To design a low-reactivity mold flux that met the requirements for continuous casting of Fe–Mn–Al–C low-density steel, the reaction behavior between CaO–Al₂O₃-based mold flux and low-density steel is quantitatively analyzed. Based on this, the dynamic wetting characteristics between the mold flux and low-density steel are further characterized during the steel-slag reaction process. The results show that when the reaction time is within 20 min, the chemical reactions between [Al], [Mn] in the steel and (B₂O₃) in the mold flux mainly occur. When the reaction time increases from 20 to 30 min, the chemical reactions between [Al] and (B₂O₃), (SiO₂) are dominant. The reaction degree is quantitatively characterized by mass balance calculation. The changes in the activity of components in mold flux and molten steel are analyzed theoretically.
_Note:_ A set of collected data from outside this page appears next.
lemma fun_edges_reflect: "fun_edges (\<lambda>k. c (- k)) = fun_edges c"
  unfolding fun_edges_def
proof (intro set_eqI iffI)
  fix e assume "e \<in> {{c (- k), c (- (k + 1))} |k. True}"
  then obtain k where "e = {c (- k), c (- (k + 1))}" by blast
  then show "e \<in> {{c k, c (k + 1)} |k. True}"
    by (intro CollectI exI[of _ "- k - 1"]) (simp add: insert_commute)
next
  fix e assume "e \<in> {{c k, c (k + 1)} |k. True}"
  then obtain k where "e = {c k, c (k + 1)}" by blast
  moreover have "- (- k - 1) = k + 1" "- (- k - 1 + 1) = k" by simp_all
  ultimately show "e \<in> {{c (- k), c (- (k + 1))} |k. True}"
    by (intro CollectI exI[of _ "- k - 1"]) (simp only:, simp add: insert_commute)
qed

lemma range_shift: "range (\<lambda>k. c (a + k)) = range (c :: int \<Rightarrow> 'b)"
  by (auto, metis add_diff_cancel_left' diff_add_cancel rangeI)

lemma range_reflect: "range (\<lambda>k. c (- k)) = range (c :: int \<Rightarrow> 'b)"
  by (auto, metis minus_minus rangeI)

definition walk_from :: "'a list \<Rightarrow> nat \<Rightarrow> int \<Rightarrow> 'a" where
  "walk_from C i k = cnth C (int i + k)"

lemma walk_from_0: "i < length C \<Longrightarrow> walk_from C i 0 = C ! i"
  unfolding walk_from_def by (simp add: cnth_nth)

lemma range_walk_from: "C \<noteq> [] \<Longrightarrow> range (walk_from C i) = set C"
  unfolding walk_from_def using range_shift range_cnth by metis

lemma fun_edges_walk_from: "C \<noteq> [] \<Longrightarrow> fun_edges (walk_from C i) = cycle_edges C"
  unfolding walk_from_def using fun_edges_shift cycle_edges_cnth by metis

lemma antipode_walk_from: "antipode C i = walk_from C i (int (length C) div 2)"
  unfolding walk_from_def by (rule antipode_cnth)

lemma antipode_index_less:
  assumes "i < length C"
  shows "(i + length C div 2) mod length C < length C"
  using assms by (intro mod_less_divisor) linarith

subsection \<open>Tetravalent half-arc-transitive graphs\<close>

locale tetravalent_half_arc_transitive =
  fixes V :: "'a set" and E :: "'a \<Rightarrow> 'a \<Rightarrow> bool" and G :: "('a \<Rightarrow> 'a) set"
  assumes simple: "simple_graph V E" and tetravalent: "tetravalent V E"
    and subgroup: "aut_subgroup V E G" and half_arc_trans: "half_arc_transitive V E G"
begin

abbreviation arc :: "'a \<Rightarrow> 'a \<Rightarrow> bool" where
  "arc \<equiv> orient E G"

lemma finite_V: "finite V"
  using simple by (simp add: simple_graph_def)

lemma E_in_V: "E x y \<Longrightarrow> x \<in> V \<and> y \<in> V"
  using simple by (simp add: simple_graph_def)

lemma E_sym: "E x y \<Longrightarrow> E y x"
  using simple by (simp add: simple_graph_def)

lemma G_aut: "g \<in> G \<Longrightarrow> graph_aut V E g"
  using subgroup by (simp add: aut_subgroup_def)

lemma G_comp: "f \<in> G \<Longrightarrow> g \<in> G \<Longrightarrow> f \<circ> g \<in> G"
  using subgroup by (simp add: aut_subgroup_def)

lemma G_inv: "g \<in> G \<Longrightarrow> inv g \<in> G"
  using subgroup by (simp add: aut_subgroup_def)

lemma G_bij: "g \<in> G \<Longrightarrow> bij g"
  using G_aut graph_aut_bij by blast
Moreover, with the increase in reaction time, the initial temperature of the rapid decrease of the contact angle gradually increases from 1363 to 1423, 1463, and 1493 K, respectively. With the increase in reaction time, the adhesion work of mold fluxes decreases first and then increases, but its maximum value is lower than 670.832 mJ m⁻². This work provides theoretical guidance for the design and development of a low-reactivity mold flux.